**Data in this exercise**
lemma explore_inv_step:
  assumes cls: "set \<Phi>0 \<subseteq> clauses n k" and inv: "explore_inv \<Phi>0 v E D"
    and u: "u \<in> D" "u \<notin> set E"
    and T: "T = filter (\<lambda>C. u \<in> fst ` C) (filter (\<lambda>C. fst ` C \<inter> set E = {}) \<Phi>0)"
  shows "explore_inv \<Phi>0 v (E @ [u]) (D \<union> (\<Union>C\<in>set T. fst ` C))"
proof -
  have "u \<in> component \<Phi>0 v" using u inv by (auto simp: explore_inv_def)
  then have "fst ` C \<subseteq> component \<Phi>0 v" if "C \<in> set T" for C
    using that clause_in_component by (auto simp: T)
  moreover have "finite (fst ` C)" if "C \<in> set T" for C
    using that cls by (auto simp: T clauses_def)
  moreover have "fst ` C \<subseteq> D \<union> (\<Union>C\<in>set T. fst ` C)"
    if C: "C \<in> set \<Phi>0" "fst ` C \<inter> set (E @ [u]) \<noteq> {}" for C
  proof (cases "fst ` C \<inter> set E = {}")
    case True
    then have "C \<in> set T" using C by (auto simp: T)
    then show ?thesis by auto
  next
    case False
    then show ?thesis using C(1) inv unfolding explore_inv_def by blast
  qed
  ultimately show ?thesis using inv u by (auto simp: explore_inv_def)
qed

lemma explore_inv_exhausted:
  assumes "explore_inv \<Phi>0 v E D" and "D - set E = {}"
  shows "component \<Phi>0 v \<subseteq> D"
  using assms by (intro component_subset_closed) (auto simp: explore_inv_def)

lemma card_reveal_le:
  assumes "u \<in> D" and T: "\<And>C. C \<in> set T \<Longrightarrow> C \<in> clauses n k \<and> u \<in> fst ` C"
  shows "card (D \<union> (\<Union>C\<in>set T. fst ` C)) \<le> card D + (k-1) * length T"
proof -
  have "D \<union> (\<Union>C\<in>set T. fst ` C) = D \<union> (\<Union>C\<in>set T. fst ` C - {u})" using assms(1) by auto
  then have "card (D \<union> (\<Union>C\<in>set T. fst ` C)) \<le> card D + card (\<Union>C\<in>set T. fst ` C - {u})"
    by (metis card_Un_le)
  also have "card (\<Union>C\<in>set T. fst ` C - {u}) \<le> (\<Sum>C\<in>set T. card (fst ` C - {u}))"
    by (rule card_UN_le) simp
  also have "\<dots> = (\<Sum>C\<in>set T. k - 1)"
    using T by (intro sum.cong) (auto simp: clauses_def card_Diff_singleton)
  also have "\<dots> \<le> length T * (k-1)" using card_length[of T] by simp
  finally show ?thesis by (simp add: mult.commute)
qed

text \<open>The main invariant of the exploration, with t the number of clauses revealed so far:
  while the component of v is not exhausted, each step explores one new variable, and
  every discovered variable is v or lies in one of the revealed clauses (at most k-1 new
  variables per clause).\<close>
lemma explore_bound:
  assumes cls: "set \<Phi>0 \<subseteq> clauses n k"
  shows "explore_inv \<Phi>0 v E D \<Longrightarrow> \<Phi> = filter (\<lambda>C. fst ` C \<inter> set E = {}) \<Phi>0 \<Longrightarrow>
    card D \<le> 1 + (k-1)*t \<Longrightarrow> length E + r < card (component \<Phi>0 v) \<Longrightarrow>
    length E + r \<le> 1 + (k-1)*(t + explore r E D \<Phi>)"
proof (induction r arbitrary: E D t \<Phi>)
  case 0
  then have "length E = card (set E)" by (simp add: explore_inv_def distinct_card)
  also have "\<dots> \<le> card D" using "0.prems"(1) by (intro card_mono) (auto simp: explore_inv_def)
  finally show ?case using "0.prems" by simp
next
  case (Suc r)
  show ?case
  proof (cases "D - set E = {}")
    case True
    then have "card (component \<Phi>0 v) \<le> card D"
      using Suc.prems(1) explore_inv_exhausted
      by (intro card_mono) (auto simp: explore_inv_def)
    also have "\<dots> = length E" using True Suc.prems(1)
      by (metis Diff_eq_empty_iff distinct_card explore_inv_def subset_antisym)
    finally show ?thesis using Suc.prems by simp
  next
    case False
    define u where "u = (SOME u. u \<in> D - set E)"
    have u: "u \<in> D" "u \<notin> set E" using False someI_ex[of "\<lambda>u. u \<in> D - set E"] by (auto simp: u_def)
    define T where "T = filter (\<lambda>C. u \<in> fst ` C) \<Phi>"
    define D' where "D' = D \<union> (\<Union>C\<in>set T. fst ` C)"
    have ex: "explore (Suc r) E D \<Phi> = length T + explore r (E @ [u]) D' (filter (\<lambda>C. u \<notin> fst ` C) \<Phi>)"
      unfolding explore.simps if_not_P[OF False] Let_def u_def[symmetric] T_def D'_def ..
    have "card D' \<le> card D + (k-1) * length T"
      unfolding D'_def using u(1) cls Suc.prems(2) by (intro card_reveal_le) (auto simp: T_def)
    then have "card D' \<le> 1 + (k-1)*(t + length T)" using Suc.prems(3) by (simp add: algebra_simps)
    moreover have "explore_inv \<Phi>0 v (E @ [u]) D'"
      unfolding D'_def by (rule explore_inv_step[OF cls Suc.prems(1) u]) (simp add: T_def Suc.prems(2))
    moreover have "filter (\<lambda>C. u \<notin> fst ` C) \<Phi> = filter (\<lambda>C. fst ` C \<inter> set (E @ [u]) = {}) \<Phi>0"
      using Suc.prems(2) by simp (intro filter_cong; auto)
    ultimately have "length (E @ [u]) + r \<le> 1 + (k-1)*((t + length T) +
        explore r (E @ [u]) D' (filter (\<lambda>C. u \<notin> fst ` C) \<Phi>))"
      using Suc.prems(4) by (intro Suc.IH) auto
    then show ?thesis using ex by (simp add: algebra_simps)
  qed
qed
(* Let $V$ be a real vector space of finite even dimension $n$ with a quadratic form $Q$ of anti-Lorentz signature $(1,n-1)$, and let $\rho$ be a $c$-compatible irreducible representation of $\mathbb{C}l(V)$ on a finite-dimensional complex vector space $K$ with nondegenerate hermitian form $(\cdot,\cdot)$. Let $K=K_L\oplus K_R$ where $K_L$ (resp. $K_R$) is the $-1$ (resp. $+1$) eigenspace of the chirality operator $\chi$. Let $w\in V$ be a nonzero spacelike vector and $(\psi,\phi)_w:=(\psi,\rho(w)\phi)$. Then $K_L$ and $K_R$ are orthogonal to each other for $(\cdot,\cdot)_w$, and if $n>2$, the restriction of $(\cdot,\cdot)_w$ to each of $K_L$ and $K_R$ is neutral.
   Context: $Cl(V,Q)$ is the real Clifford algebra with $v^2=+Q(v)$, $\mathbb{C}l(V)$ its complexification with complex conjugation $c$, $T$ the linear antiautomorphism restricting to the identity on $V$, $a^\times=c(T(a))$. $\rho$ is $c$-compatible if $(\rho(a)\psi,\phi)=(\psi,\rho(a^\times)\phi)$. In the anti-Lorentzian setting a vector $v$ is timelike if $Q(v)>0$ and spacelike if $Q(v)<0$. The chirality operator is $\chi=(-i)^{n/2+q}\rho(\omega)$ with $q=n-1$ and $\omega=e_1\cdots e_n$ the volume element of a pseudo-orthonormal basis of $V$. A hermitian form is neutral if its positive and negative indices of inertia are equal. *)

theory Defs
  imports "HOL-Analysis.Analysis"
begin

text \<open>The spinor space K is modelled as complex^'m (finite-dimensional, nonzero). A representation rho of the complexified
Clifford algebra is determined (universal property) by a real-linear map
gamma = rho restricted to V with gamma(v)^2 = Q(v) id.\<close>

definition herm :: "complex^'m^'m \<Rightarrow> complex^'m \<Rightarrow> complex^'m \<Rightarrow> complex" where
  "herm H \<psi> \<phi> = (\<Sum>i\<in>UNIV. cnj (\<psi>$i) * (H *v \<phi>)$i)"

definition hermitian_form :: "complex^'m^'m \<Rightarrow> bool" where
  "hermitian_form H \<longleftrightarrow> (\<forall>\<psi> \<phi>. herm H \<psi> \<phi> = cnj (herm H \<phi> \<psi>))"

**What you need to do**
What is needed is an exact copy of the lines above, from the one containing "finally show ?thesis using" through the one containing "(* Let $V$ be", with nothing added.

**Answer to the exercise**
    finally show ?thesis using Suc.prems by simp
  next
    case False
    define u where "u = (SOME u. u \<in> D - set E)"
    have u: "u \<in> D" "u \<notin> set E" using False someI_ex[of "\<lambda>u. u \<in> D - set E"] by (auto simp: u_def)
    define T where "T = filter (\<lambda>C. u \<in> fst ` C) \<Phi>"
    define D' where "D' = D \<union> (\<Union>C\<in>set T. fst ` C)"
    have ex: "explore (Suc r) E D \<Phi> = length T + explore r (E @ [u]) D' (filter (\<lambda>C. u \<notin> fst ` C) \<Phi>)"
      unfolding explore.simps if_not_P[OF False] Let_def u_def[symmetric] T_def D'_def ..
    have "card D' \<le> card D + (k-1) * length T"
      unfolding D'_def using u(1) cls Suc.prems(2) by (intro card_reveal_le) (auto simp: T_def)
    then have "card D' \<le> 1 + (k-1)*(t + length T)" using Suc.prems(3) by (simp add: algebra_simps)
    moreover have "explore_inv \<Phi>0 v (E @ [u]) D'"
      unfolding D'_def by (rule explore_inv_step[OF cls Suc.prems(1) u]) (simp add: T_def Suc.prems(2))
    moreover have "filter (\<lambda>C. u \<notin> fst ` C) \<Phi> = filter (\<lambda>C. fst ` C \<inter> set (E @ [u]) = {}) \<Phi>0"
      using Suc.prems(2) by simp (intro filter_cong; auto)
    ultimately have "length (E @ [u]) + r \<le> 1 + (k-1)*((t + length T) +
        explore r (E @ [u]) D' (filter (\<lambda>C. u \<notin> fst ` C) \<Phi>))"
      using Suc.prems(4) by (intro Suc.IH) auto
    then show ?thesis using ex by (simp add: algebra_simps)
  qed
qed
(* Let $V$ be a real vector space of finite even dimension $n$ with a quadratic form $Q$ of anti-Lorentz signature $(1,n-1)$, and let $\rho$ be a $c$-compatible irreducible representation of $\mathbb{C}l(V)$ on a finite-dimensional complex vector space $K$ with nondegenerate hermitian form $(\cdot,\cdot)$. Let $K=K_L\oplus K_R$ where $K_L$ (resp. $K_R$) is the $-1$ (resp. $+1$) eigenspace of the chirality operator $\chi$. Let $w\in V$ be a nonzero spacelike vector and $(\psi,\phi)_w:=(\psi,\rho(w)\phi)$. Then $K_L$ and $K_R$ are orthogonal to each other for $(\cdot,\cdot)_w$, and if $n>2$, the restriction of $(\cdot,\cdot)_w$ to each of $K_L$ and $K_R$ is neutral.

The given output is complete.